Online Poetry Box

View Original

Everything is Waiting for You

The COVID-19 epidemic has altered people's lives in different ways. For many, it has meant unprecedented physical suffering. For others, profound grief. For some, a loss of another sort—a promising job, a dream vacation, a graduation ceremony, or a vision of the future. For a lucky few, it’s meant new freedom and independence. But for nearly all of us, it’s meant more aloneness.

David Whyte speaks to that aloneness in this poem (from his collection Everything is Waiting for You) and cautions us again acting as though we are on our own. “To feel abandoned,” he says, “is to deny the intimacy of your surroundings,” and to miss the invitation offered us every day by the world around us: to ease into the conversation and rest in our belonging.

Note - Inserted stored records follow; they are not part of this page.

(* Let $A$ be a finite alphabet. A sliding block code $\phi: A^{\mathbb{N}} \to A^{\mathbb{N}}$ is a local homeomorphism and $*$-commutes with the shift map $\sigma$ if and only if $\phi$ is a $k$-fold covering map (for some $k\in\mathbb{N}$) of the form $\phi=\tau_d$ for a regressive block map $d$.
   Context: $A$ is a finite set with the discrete topology; $\mathbb{N}=\{1,2,3,\dots\}$; $A^{\mathbb{N}}$ is the space of one-sided infinite sequences over $A$ with the product topology; $\sigma(x_1x_2x_3\cdots)=x_2x_3\cdots$. A block map is a function $d:A^n\to A$ ($n\in\mathbb{N}$), and $\tau_d: A^{\mathbb{N}}\to A^{\mathbb{N}}$ is $\tau_d(x)_i=d(x_i\cdots x_{i+n-1})$; a sliding block code is a map of the form $\tau_d$. The block map $d$ is regressive if for each fixed $x_1\cdots x_{n-1}\in A^{n-1}$ the map $A\to A$, $a\mapsto d(ax_1\cdots x_{n-1})$, is bijective. A continuous map $f:X\to Y$ is a local homeomorphism if every $x\in X$ has an open neighborhood $U$ such that $f(U)$ is open in $Y$ and $f:U\to f(U)$ is a homeomorphism. Two functions $S,T: X\to X$ $*$-commute if $ST=TS$ and for every $(y,z)$ with $S(y)=T(z)$ there exists a unique $x$ with $T(x)=y$ and $S(x)=z$. For a continuous surjection $p:E\to B$, an open set $U\subseteq B$ is evenly covered if $p^{-1}(U)$ is a union of pairwise disjoint open sets $V_\alpha$ each of which $p$ maps homeomorphically onto $U$; $p$ is a covering map if every point of $B$ has an evenly covered open neighborhood, and a $k$-fold covering map if moreover $|p^{-1}(b)|=k$ for every $b\in B$. *)

theory Defs
  imports "HOL-Analysis.Analysis"
begin

text \<open>The space A^N (indices shifted to start at 0) with the product of discrete topologies.\<close>
definition seq_top :: "(nat \<Rightarrow> 'a) topology" where
  "seq_top = product_topology (\<lambda>_. discrete_topology UNIV) UNIV"

definition shift :: "(nat \<Rightarrow> 'a) \<Rightarrow> (nat \<Rightarrow> 'a)" where
  "shift x = (\<lambda>i. x (Suc i))"

text \<open>A block map d : A^n \<rightarrow> A is represented by a function on lists, of which
  only the values on lists of length n matter.\<close>
definition tau :: "nat \<Rightarrow> ('a list \<Rightarrow> 'a) \<Rightarrow> (nat \<Rightarrow> 'a) \<Rightarrow> (nat \<Rightarrow> 'a)" where
  "tau n d x = (\<lambda>i. d (map x [i..<i+n]))"

definition sliding_block_code :: "((nat \<Rightarrow> 'a) \<Rightarrow> (nat \<Rightarrow> 'a)) \<Rightarrow> bool" where
  "sliding_block_code \<phi> \<longleftrightarrow> (\<exists>n d. n \<ge> 1 \<and> \<phi> = tau n d)"

definition regressive :: "nat \<Rightarrow> ('a list \<Rightarrow> 'a) \<Rightarrow> bool" where
  "regressive n d \<longleftrightarrow> n \<ge> 1 \<and>
     (\<forall>w. length w = n - 1 \<longrightarrow> bij (\<lambda>a. d (a # w)))"

definition local_homeo :: "'a topology \<Rightarrow> 'b topology \<Rightarrow> ('a \<Rightarrow> 'b) \<Rightarrow> bool" where
  "local_homeo X Y f \<longleftrightarrow> continuous_map X Y f \<and>
     (\<forall>x\<in>topspace X. \<exists>U. openin X U \<and> x \<in> U \<and> openin Y (f ` U) \<and>
        homeomorphic_map (subtopology X U) (subtopology Y (f ` U)) f)"

definition star_commute :: "('a \<Rightarrow> 'a) \<Rightarrow> ('a \<Rightarrow> 'a) \<Rightarrow> bool" where
  "star_commute S T \<longleftrightarrow> S \<circ> T = T \<circ> S \<and>
     (\<forall>y z. S y = T z \<longrightarrow> (\<exists>!x. T x = y \<and> S x = z))"

definition evenly_covered :: "'a topology \<Rightarrow> 'b topology \<Rightarrow> ('a \<Rightarrow> 'b) \<Rightarrow> 'b set \<Rightarrow> bool" where
  "evenly_covered E B p U \<longleftrightarrow> openin B U \<and>
     (\<exists>\<V>. (\<forall>V\<in>\<V>. openin E V \<and> homeomorphic_map (subtopology E V) (subtopology B U) p) \<and>
          pairwise disjnt \<V> \<and> \<Union>\<V> = {x \<in> topspace E. p x \<in> U})"

definition covering_map :: "'a topology \<Rightarrow> 'b topology \<Rightarrow> ('a \<Rightarrow> 'b) \<Rightarrow> bool" where
  "covering_map E B p \<longleftrightarrow> continuous_map E B p \<and> p ` topspace E = topspace B \<and>
     (\<forall>b\<in>topspace B. \<exists>U. b \<in> U \<and> evenly_covered E B p U)"

definition k_fold_covering_map :: "nat \<Rightarrow> 'a topology \<Rightarrow> 'b topology \<Rightarrow> ('a \<Rightarrow> 'b) \<Rightarrow> bool" where
  "k_fold_covering_map k E B p \<longleftrightarrow> covering_map E B p \<and>
     (\<forall>b\<in>topspace B. finite {x \<in> topspace E. p x = b} \<and> card {x \<in> topspace E. p x = b} = k)"

end

theory Submission
  imports Defs
begin

text \<open>
  The shift-preimages of \<open>y\<close> are the sequences \<open>a y\<close> with \<open>a \<in> A\<close>, and
  \<open>\<tau>\<^sub>d (a y) = d(a y\<^sub>1 \<dots> y\<^sub>n\<^sub>-\<^sub>1) \<tau>\<^sub>d(y)\<close>. Hence \<open>\<tau>\<^sub>d\<close> star-commutes with \<open>\<sigma>\<close> iff
  \<open>a \<mapsto> d(a w)\<close> is bijective for every word \<open>w\<close>, i.e. iff \<open>d\<close> is regressive; and every
  covering map is a local homeomorphism.

  Conversely, by compactness of \<open>A\<^sup>\<nat>\<close> a local homeomorphism \<open>f\<close> has a uniform radius \<open>M\<close>
  of injectivity and a uniform radius \<open>L\<close> such that \<open>f\<close> maps each \<open>M\<close>-cylinder onto the
  \<open>L\<close>-cylinder around the image of its centre. Then the fibres are finite, every
  \<open>L\<close>-cylinder is evenly covered, and the fibre cardinality is constant on it. If \<open>f\<close>
  star-commutes with \<open>\<sigma>\<close>, the shift maps the fibre over \<open>z\<close> bijectively onto the fibre
  over \<open>\<sigma> z\<close>; as every point is \<open>\<sigma>\<^sup>L\<close> of a point \<open>L\<close>-close to any given one, the
  fibre cardinality is constant.
\<close>

section \<open>Cylinders\<close>

definition cylinder :: "nat \<Rightarrow> (nat \<Rightarrow> 'a) \<Rightarrow> (nat \<Rightarrow> 'a) set" where
  "cylinder m x = {y. \<forall>i<m. y i = x i}"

Everything is Waiting for You

by David Whyte

Your great mistake is to act the drama
as if you were alone. As if life
were a progressive and cunning crime
with no witness to the tiny hidden
transgressions. To feel abandoned is to deny
the intimacy of your surroundings. Surely,
even you, at times, have felt the grand array;
the swelling presence, and the chorus, crowding
out your solo voice. You must note
the way the soap dish enables you,
or the window latch grants you freedom.
Alertness is the hidden discipline of familiarity.
The stairs are your mentor of things
to come, the doors have always been there
to frighten you and invite you,
and the tiny speaker in the phone
is your dream-ladder to divinity.

Put down the weight of your aloneness and ease into the
conversation. The kettle is singing
even as it pours you a drink, the cooking pots
have left their arrogant aloofness and
seen the good in you at last. All the birds
and creatures of the world are unutterably
themselves. Everything is waiting for you.